Go through the records and extract every line with the word "assms".

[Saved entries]
▶
lemma cut_point_feasible:
  assumes T: "T \<subseteq> V n" and S: "odd (card (S \<inter> T))"
  shows "cut_point n T S \<in> ext_polyhedron n T"
proof -
  have finT: "finite T" using T finite_subset by (auto simp: V_def)
  have A0: "S \<inter> T \<in> odd_subsets T" using S by (simp add: odd_subsets_def)
  have less_n: "a \<in> T \<Longrightarrow> a < n" for a using T by (auto simp: V_def)
  note vals = cut_point_x[OF finT] cut_point_block_values[OF finT]
  have "\<bar>cut_point n T S (pi_var A u) - cut_point n T S (pi_var A v)\<bar> \<le> cut_point n T S (z_var A u v)"
    if "A \<in> odd_subsets T" "u < v" "v < n" for A u v
    using that chi_delta_pair[of u n v S] by (simp add: vals)
  moreover have "(\<Sum>A\<in>odd_subsets T. cut_point n T S (z_var A u v)) \<le> cut_point n T S (x_var u v)"
    if "u < v" "v < n" for u v
    using that A0 by (simp add: vals sum_odd_subsets_single[OF finT] cong: sum.cong)
  moreover have "(\<Sum>A\<in>odd_subsets T. cut_point n T S (lambda_var A)) = 1"
    using A0 by (simp add: vals sum_odd_subsets_single[OF finT] cong: sum.cong)
  moreover have "cut_point n T S (pi_var A a) = 0" if "A \<in> odd_subsets T" "a \<in> A" for A a
    using that less_n vals(3)[OF that(1)] by (auto simp: odd_subsets_def)
  moreover have "cut_point n T S (lambda_var A) \<le> cut_point n T S (pi_var A b)"
    if "A \<in> odd_subsets T" "b \<in> T - A" for A b
    using that less_n by (auto simp: vals)
  moreover have "cut_point n T S (lambda_var A) \<ge> 0" if "A \<in> odd_subsets T" for A
    using vals(2)[OF that] by simp
  moreover have "cut_point n T S i = 0" if "ext_dim n T \<le> i" for i
    using that by (simp add: cut_point_def coord_point_outside)
  ultimately show ?thesis
    unfolding mem_ext_polyhedron_iff[OF T] ext_feasible_def by blast
qed

lemma ext_proj_cut_point:
  assumes "T \<subseteq> V n"
  shows "ext_proj n T (cut_point n T S) = chi (delta n S)"
proof
  fix e
  have finT: "finite T" using assms finite_subset by (auto simp: V_def)
  show "ext_proj n T (cut_point n T S) e = chi (delta n S) e"
  proof (cases "e \<in> E n")
    case True
    then obtain u v where "u < v" "v < n" "e = {u, v}" by (rule E_cases)
    then show ?thesis by (simp add: ext_proj_edge[OF finT] cut_point_x[OF finT])
  next
    case False
    then show ?thesis by (simp add: ext_proj_outside chi_def delta_def)
  qed
qed

lemma P_Tcut_subset_ext_proj_image:
  assumes "T \<subseteq> V n"
  shows "P_Tcut n T \<subseteq> ext_proj n T ` ext_polyhedron n T"
  unfolding P_Tcut_def
proof (rule hull_minimal)
  show "chi ` T_cuts n T \<subseteq> ext_proj n T ` ext_polyhedron n T"
    using cut_point_feasible[OF assms] ext_proj_cut_point[OF assms]
    unfolding T_cuts_def by (auto intro!: image_eqI)
qed (rule convex_ext_proj_image)

text \<open>Raising the coordinates \<open>x\<^sub>u\<^sub>v\<close> preserves feasibility, so the projection is up-closed.\<close>

lemma ext_proj_image_up_closed:
  assumes T: "T \<subseteq> V n" and y: "y \<in> ext_polyhedron n T"
    and r: "\<forall>e\<in>E n. r e \<ge> 0" "\<forall>e. e \<notin> E n \<longrightarrow> r e = 0"
  shows "ext_proj n T y + r \<in> ext_proj n T ` ext_polyhedron n T"
proof -
  have finT: "finite T" using T finite_subset by (auto simp: V_def)
  have less_n: "a \<in> T \<Longrightarrow> a < n" for a using T by (auto simp: V_def)
  define y' where
    "y' = y + coord_point (ext_dim n T) (\<lambda>k a b. if k = 0 \<and> a < b \<and> b < n then r {a, b} else 0)"
  have shift: "y' (x_var u v) = y (x_var u v) + r {u, v}" if "u < v" "v < n" for u v
    using that ext_vars_less_dim(1)[OF finT] by (simp add: y'_def x_var_def coord_point_coord)
  have keep_lambda: "y' (lambda_var A) = y (lambda_var A)" if "A \<in> odd_subsets T" for A
    using that ext_vars_less_dim(2)[OF finT] by (simp add: y'_def lambda_var_def coord_point_coord)
  have keep_pi: "y' (pi_var A w) = y (pi_var A w)" if "A \<in> odd_subsets T" "w < n" for A w
    using that ext_vars_less_dim(3)[OF finT] by (simp add: y'_def pi_var_def coord_point_coord)
  have keep_z: "y' (z_var A u v) = y (z_var A u v)" if "A \<in> odd_subsets T" "u < v" "v < n" for A u v
    using that ext_vars_less_dim(4)[OF finT] by (simp add: y'_def z_var_def coord_point_coord)
  have feasible: "ext_feasible n T y" and zero: "\<forall>i\<ge>ext_dim n T. y i = 0"
    using y unfolding mem_ext_polyhedron_iff[OF T] by auto
  have "(\<Sum>A\<in>odd_subsets T. y' (z_var A u v)) \<le> y' (x_var u v)" if uv: "u < v" "v < n" for u v
  proof -
    have "(\<Sum>A\<in>odd_subsets T. y' (z_var A u v)) = (\<Sum>A\<in>odd_subsets T. y (z_var A u v))"
      using uv by (simp add: keep_z)
    also have "\<dots> \<le> y (x_var u v)" using feasible uv by (simp add: ext_feasible_def)
    also have "\<dots> \<le> y' (x_var u v)" using uv r(1) E_pair[of u n v] by (simp add: shift)
    finally show ?thesis .
  qed
  moreover have "\<forall>A\<in>odd_subsets T. \<forall>u v. u < v \<longrightarrow> v < n \<longrightarrow>
      \<bar>y' (pi_var A u) - y' (pi_var A v)\<bar> \<le> y' (z_var A u v)"
    using feasible by (simp add: ext_feasible_def keep_pi keep_z)
  moreover have "\<forall>A\<in>odd_subsets T. \<forall>b\<in>T - A. y' (lambda_var A) \<le> y' (pi_var A b)"
    using feasible less_n by (simp add: ext_feasible_def keep_lambda keep_pi)
  moreover have "y' (pi_var A a) = 0" if "A \<in> odd_subsets T" "a \<in> A" for A a
  proof -
    have "a < n" using that less_n by (auto simp: odd_subsets_def)
    with that feasible show ?thesis by (simp add: ext_feasible_def keep_pi)
  qed
  moreover have "(\<Sum>A\<in>odd_subsets T. y' (lambda_var A)) = (\<Sum>A\<in>odd_subsets T. y (lambda_var A))"
    by (rule sum.cong) (simp_all add: keep_lambda)
  moreover have "\<forall>A\<in>odd_subsets T. y' (lambda_var A) \<ge> 0"
    using feasible by (simp add: ext_feasible_def keep_lambda)
  ultimately have "ext_feasible n T y'"
    using feasible unfolding ext_feasible_def by simp
  moreover have "\<forall>i\<ge>ext_dim n T. y' i = 0"
    using zero by (simp add: y'_def coord_point_outside)
  ultimately have "y' \<in> ext_polyhedron n T" by (simp add: mem_ext_polyhedron_iff[OF T])
  moreover have "ext_proj n T y' = ext_proj n T y + r"
  proof
    fix e
    show "ext_proj n T y' e = (ext_proj n T y + r) e"
    proof (cases "e \<in> E n")
      case True
      then obtain u v where "u < v" "v < n" "e = {u, v}" by (rule E_cases)
      then show ?thesis by (simp add: ext_proj_edge[OF finT] shift)
    next
      case False
      then show ?thesis using r(2) by (simp add: ext_proj_outside)
    qed
  qed
  ultimately show ?thesis by (metis image_eqI)
qed

lemma dom_subset_ext_proj_image:
  assumes T: "T \<subseteq> V n"
  shows "dom_P n (P_Tcut n T) \<subseteq> ext_proj n T ` ext_polyhedron n T"
proof
  fix X assume "X \<in> dom_P n (P_Tcut n T)"
  then obtain p r where X: "X = p + r" and p: "p \<in> P_Tcut n T"
    and r: "\<forall>e\<in>E n. r e \<ge> 0" "\<forall>e. e \<notin> E n \<longrightarrow> r e = 0"
    unfolding dom_P_def by blast
  obtain y where "y \<in> ext_polyhedron n T" "p = ext_proj n T y"
    using P_Tcut_subset_ext_proj_image[OF T] p by blast
  with ext_proj_image_up_closed[OF T _ r] show "X \<in> ext_proj n T ` ext_polyhedron n T"
    unfolding X by blast
qed

definition clamp01 :: "real \<Rightarrow> real" where "clamp01 x = max 0 (min 1 x)"

lemma abs_clamp01_diff_le: "\<bar>clamp01 x - clamp01 y\<bar> \<le> \<bar>x - y\<bar>"
  by (auto simp: clamp01_def abs_if max_def min_def)

lemma ext_block_cut_bound:
  assumes T: "T \<subseteq> V n" and y: "ext_feasible n T y"
    and A: "A \<in> odd_subsets T" and pos: "y (lambda_var A) > 0"
  shows "\<exists>p\<in>P_Tcut n T. \<forall>u v. u < v \<longrightarrow> v < n \<longrightarrow> y (lambda_var A) * p {u, v} \<le> y (z_var A u v)"
proof -
  let ?l = "y (lambda_var A)"
  define c where "c v = clamp01 (y (pi_var A v) / ?l)" for v
  have "cut_bounded n T c"
  proof (rule cut_bounded_potential)
    show "A \<subseteq> T" "odd (card A)" using A by (auto simp: odd_subsets_def)
    show "\<forall>a\<in>A. c a = 0" using y A by (simp add: ext_feasible_def c_def clamp01_def)
    show "\<forall>b\<in>T - A. c b = 1"
      using y A pos by (auto simp: ext_feasible_def c_def clamp01_def le_divide_eq_1)
  qed (use T in \<open>auto simp: c_def clamp01_def\<close>)
  then obtain p where p: "p \<in> P_Tcut n T"
    and le: "\<And>u v. u < n \<Longrightarrow> v < n \<Longrightarrow> u \<noteq> v \<Longrightarrow> p {u, v} \<le> \<bar>c u - c v\<bar>"
    unfolding cut_bounded_def by blast
  have "?l * p {u, v} \<le> y (z_var A u v)" if "u < v" "v < n" for u v
  proof -
    have "p {u, v} \<le> \<bar>c u - c v\<bar>" using le that by simp
    also have "\<dots> \<le> \<bar>y (pi_var A u) / ?l - y (pi_var A v) / ?l\<bar>"
      unfolding c_def by (rule abs_clamp01_diff_le)
    finally have "?l * p {u, v} \<le> ?l * \<bar>y (pi_var A u) / ?l - y (pi_var A v) / ?l\<bar>"
      using pos by simp
    also have "\<dots> = \<bar>y (pi_var A u) - y (pi_var A v)\<bar>"
      using pos by (simp add: abs_mult[symmetric] diff_divide_distrib[symmetric])
    also have "\<dots> \<le> y (z_var A u v)" using y A that by (simp add: ext_feasible_def)
    finally show ?thesis .
  qed
  with p show ?thesis by blast
qed

lemma ext_proj_image_subset_dom:
  assumes T: "T \<subseteq> V n"
  shows "ext_proj n T ` ext_polyhedron n T \<subseteq> dom_P n (P_Tcut n T)"
proof
  fix X assume "X \<in> ext_proj n T ` ext_polyhedron n T"
  then obtain y where "y \<in> ext_polyhedron n T" and X: "X = ext_proj n T y" by blast
  then have y: "ext_feasible n T y" by (simp add: mem_ext_polyhedron_iff[OF T])
  have finT: "finite T" using T finite_subset by (auto simp: V_def)
  let ?l = "\<lambda>A. y (lambda_var A)"
  define active where "active = {A \<in> odd_subsets T. ?l A > 0}"
  have fin: "finite active" using finite_odd_subsets[OF finT] by (simp add: active_def)
  have l_nonneg: "A \<in> odd_subsets T \<Longrightarrow> ?l A \<ge> 0" for A
    using y by (simp add: ext_feasible_def)
  have z_nonneg: "y (z_var A u v) \<ge> 0" if "A \<in> odd_subsets T" "u < v" "v < n" for A u v
  proof -
    have "\<bar>y (pi_var A u) - y (pi_var A v)\<bar> \<le> y (z_var A u v)"
      using y that by (simp add: ext_feasible_def)
    then show ?thesis by (rule order_trans[OF abs_ge_zero])
  qed
  have "(\<Sum>A\<in>active. ?l A) = (\<Sum>A\<in>odd_subsets T. ?l A)"
    using finite_odd_subsets[OF finT] l_nonneg unfolding active_def
    by (intro sum.mono_neutral_left) force+
  then have sum_active: "(\<Sum>A\<in>active. ?l A) = 1" using y by (simp add: ext_feasible_def)
  have "\<forall>A\<in>active. \<exists>p\<in>P_Tcut n T.
      \<forall>u v. u < v \<longrightarrow> v < n \<longrightarrow> ?l A * p {u, v} \<le> y (z_var A u v)"
    using ext_block_cut_bound[OF T y] by (simp add: active_def)
  then obtain q where q: "\<And>A. A \<in> active \<Longrightarrow> q A \<in> P_Tcut n T"
    "\<And>A u v. A \<in> active \<Longrightarrow> u < v \<Longrightarrow> v < n \<Longrightarrow> ?l A * q A {u, v} \<le> y (z_var A u v)"
    using bchoice[of active] by (metis (no_types, lifting))
  define p where "p = (\<Sum>A\<in>active. ?l A *\<^sub>R q A)"
  have p: "p \<in> P_Tcut n T"
    unfolding p_def
  proof (rule convex_sum[OF fin _ sum_active])
    show "convex (P_Tcut n T)" by (simp add: P_Tcut_def)
  qed (use q(1) l_nonneg in \<open>auto simp: active_def\<close>)
  have "p e \<le> X e" if "e \<in> E n" for e
  proof -
    obtain u v where uv: "u < v" "v < n" "e = {u, v}" using \<open>e \<in> E n\<close> by (rule E_cases)
    have "p e = (\<Sum>A\<in>active. ?l A * q A {u, v})" by (simp add: p_def sum_fun_apply uv(3))
    also have "\<dots> \<le> (\<Sum>A\<in>active. y (z_var A u v))" using q(2) uv by (intro sum_mono) auto
    also have "\<dots> \<le> (\<Sum>A\<in>odd_subsets T. y (z_var A u v))"
      using finite_odd_subsets[OF finT] z_nonneg uv by (intro sum_mono2) (auto simp: active_def)
    also have "\<dots> \<le> y (x_var u v)" using y uv by (simp add: ext_feasible_def)
    finally show ?thesis by (simp add: X ext_proj_edge[OF finT uv(1,2)] uv(3))
  qed
  moreover have "X e = p e" if "e \<notin> E n" for e
    using that p by (simp add: X ext_proj_outside P_Tcut_vanishes)
  ultimately have "X = p + (X - p)" "\<forall>e\<in>E n. (X - p) e \<ge> 0" "\<forall>e. e \<notin> E n \<longrightarrow> (X - p) e = 0"
    by auto
  with p show "X \<in> dom_P n (P_Tcut n T)" unfolding dom_P_def by blast
qed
◀
Result for this exercise:
  have finT: "finite T" using assms finite_subset by (auto simp: V_def)
    using cut_point_feasible[OF assms] ext_proj_cut_point[OF assms]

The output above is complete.